- **Assignment**: Each line from the first down to the one containing "K \<Longrightarrow> finite" should be returned exactly as it appears below.

- **Saved entries**:
___

lemma finite_partitions: "finite {p. is_partition p n}"
proof (rule finite_subset)
  show "{p. is_partition p n} \<subseteq> {p. set p \<subseteq> {..n} \<and> length p \<le> n}"
    using length_le_sum_list member_le_sum_list unfolding is_partition_def by fastforce
  show "finite {p. set p \<subseteq> {..n} \<and> length p \<le> n}"
    by (rule finite_lists_length_le) simp
qed

lemma is_partition_0_iff: "is_partition p 0 \<longleftrightarrow> p = []"
  by (cases p) (auto simp: is_partition_def)

lemma ex_nat_iff_zero_or_Suc: "(\<exists>i. P i) \<longleftrightarrow> P 0 \<or> (\<exists>i. P (Suc i))"
  by (metis not0_implies_Suc)

lemma card_UN_image_eq_sum:
  assumes "finite K" "\<And>k. k \<in> K \<Longrightarrow> finite (F k)"
    and "inj_on (\<lambda>(k, x). h k x) (Sigma K F)"
  shows "card (\<Union>k\<in>K. h k ` F k) = (\<Sum>k\<in>K. card (F k))"
proof -
  have "(\<Union>k\<in>K. h k ` F k) = (\<lambda>(k, x). h k x) ` Sigma K F" by auto
  then show ?thesis using assms by (simp add: card_image card_SigmaI)
qed

lemma halving_recursion_unique:
  fixes f g c :: "nat \<Rightarrow> nat"
  assumes "f 0 = g 0"
    and "\<And>n. n \<ge> 1 \<Longrightarrow> f n + c n = (\<Sum>k\<le>n div 2. f k)"
    and "\<And>n. n \<ge> 1 \<Longrightarrow> g n + c n = (\<Sum>k\<le>n div 2. g k)"
  shows "f n = g n"
proof (induction n rule: less_induct)
  case (less n)
  show ?case
  proof (cases "n = 0")
    case True
    with assms(1) show ?thesis by simp
  next
    case False
    then have "(\<Sum>k\<le>n div 2. f k) = (\<Sum>k\<le>n div 2. g k)"
      using less by (intro sum.cong) auto
    with False assms(2,3)[of n] show ?thesis by simp
  qed
qed

lemma non_squashing_snoc:
  "non_squashing (q @ [m]) \<longleftrightarrow> non_squashing q \<and> sum_list q \<le> m"
proof (cases "q = []")
  case True
  then show ?thesis by (simp add: non_squashing_def)
next
  case False
  then have "1 \<le> length q" by (cases q) auto
  then show ?thesis
    unfolding non_squashing_def
    by (auto simp: nth_append less_Suc_eq)
qed

lemma singleton_if_sum_list_eq_member:
  assumes "x \<in> set q" "\<forall>y\<in>set q. 0 < (y::nat)" "sum_list q = x"
  shows "q = [x]"
  using assms
proof (induction q)
  case (Cons a q)
  then show ?case
    using member_le_sum_list[of x q] by (cases q) auto
qed simp

definition distinct_non_squashing_partitions :: "nat \<Rightarrow> nat list set" where
  "distinct_non_squashing_partitions n = {p. is_partition p n \<and> distinct p \<and> non_squashing p}"

lemma finite_distinct_non_squashing_partitions: "finite (distinct_non_squashing_partitions n)"
  unfolding distinct_non_squashing_partitions_def
  by (rule finite_subset[OF _ finite_partitions]) auto

lemma snoc_in_distinct_non_squashing_partitions:
  "q @ [m] \<in> distinct_non_squashing_partitions n \<longleftrightarrow>
    q \<in> distinct_non_squashing_partitions (sum_list q) \<and> sum_list q \<le> m \<and> 0 < m \<and> q \<noteq> [m] \<and>
    n = sum_list q + m"
proof
  assume "q @ [m] \<in> distinct_non_squashing_partitions n"
  then show "q \<in> distinct_non_squashing_partitions (sum_list q) \<and> sum_list q \<le> m \<and> 0 < m \<and> q \<noteq> [m] \<and>
    n = sum_list q + m"
    by (auto simp: distinct_non_squashing_partitions_def is_partition_def non_squashing_snoc sorted_append)
next
  assume q: "q \<in> distinct_non_squashing_partitions (sum_list q) \<and> sum_list q \<le> m \<and> 0 < m \<and> q \<noteq> [m] \<and>
    n = sum_list q + m"
  then have parts: "sorted q" "\<forall>x\<in>set q. 0 < x" "distinct q" "non_squashing q"
    by (auto simp: distinct_non_squashing_partitions_def is_partition_def)
  have le_m: "x \<le> m" if "x \<in> set q" for x
    using member_le_sum_list[OF that] q by simp
  have "m \<notin> set q"
  proof
    assume "m \<in> set q"
    with le_m q have "sum_list q = m"
      using member_le_sum_list[of m q] by simp
    with \<open>m \<in> set q\<close> parts(2) q show False
      using singleton_if_sum_list_eq_member by blast
  qed
  with q parts le_m show "q @ [m] \<in> distinct_non_squashing_partitions n"
    by (auto simp: distinct_non_squashing_partitions_def is_partition_def non_squashing_snoc sorted_append)
qed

___

- **Response for this exercise**:
lemma finite_partitions: "finite {p. is_partition p n}"
proof (rule finite_subset)
  show "{p. is_partition p n} \<subseteq> {p. set p \<subseteq> {..n} \<and> length p \<le> n}"
    using length_le_sum_list member_le_sum_list unfolding is_partition_def by fastforce
  show "finite {p. set p \<subseteq> {..n} \<and> length p \<le> n}"
    by (rule finite_lists_length_le) simp
qed

lemma is_partition_0_iff: "is_partition p 0 \<longleftrightarrow> p = []"
  by (cases p) (auto simp: is_partition_def)

lemma ex_nat_iff_zero_or_Suc: "(\<exists>i. P i) \<longleftrightarrow> P 0 \<or> (\<exists>i. P (Suc i))"
  by (metis not0_implies_Suc)

lemma card_UN_image_eq_sum:
  assumes "finite K" "\<And>k. k \<in> K \<Longrightarrow> finite (F k)"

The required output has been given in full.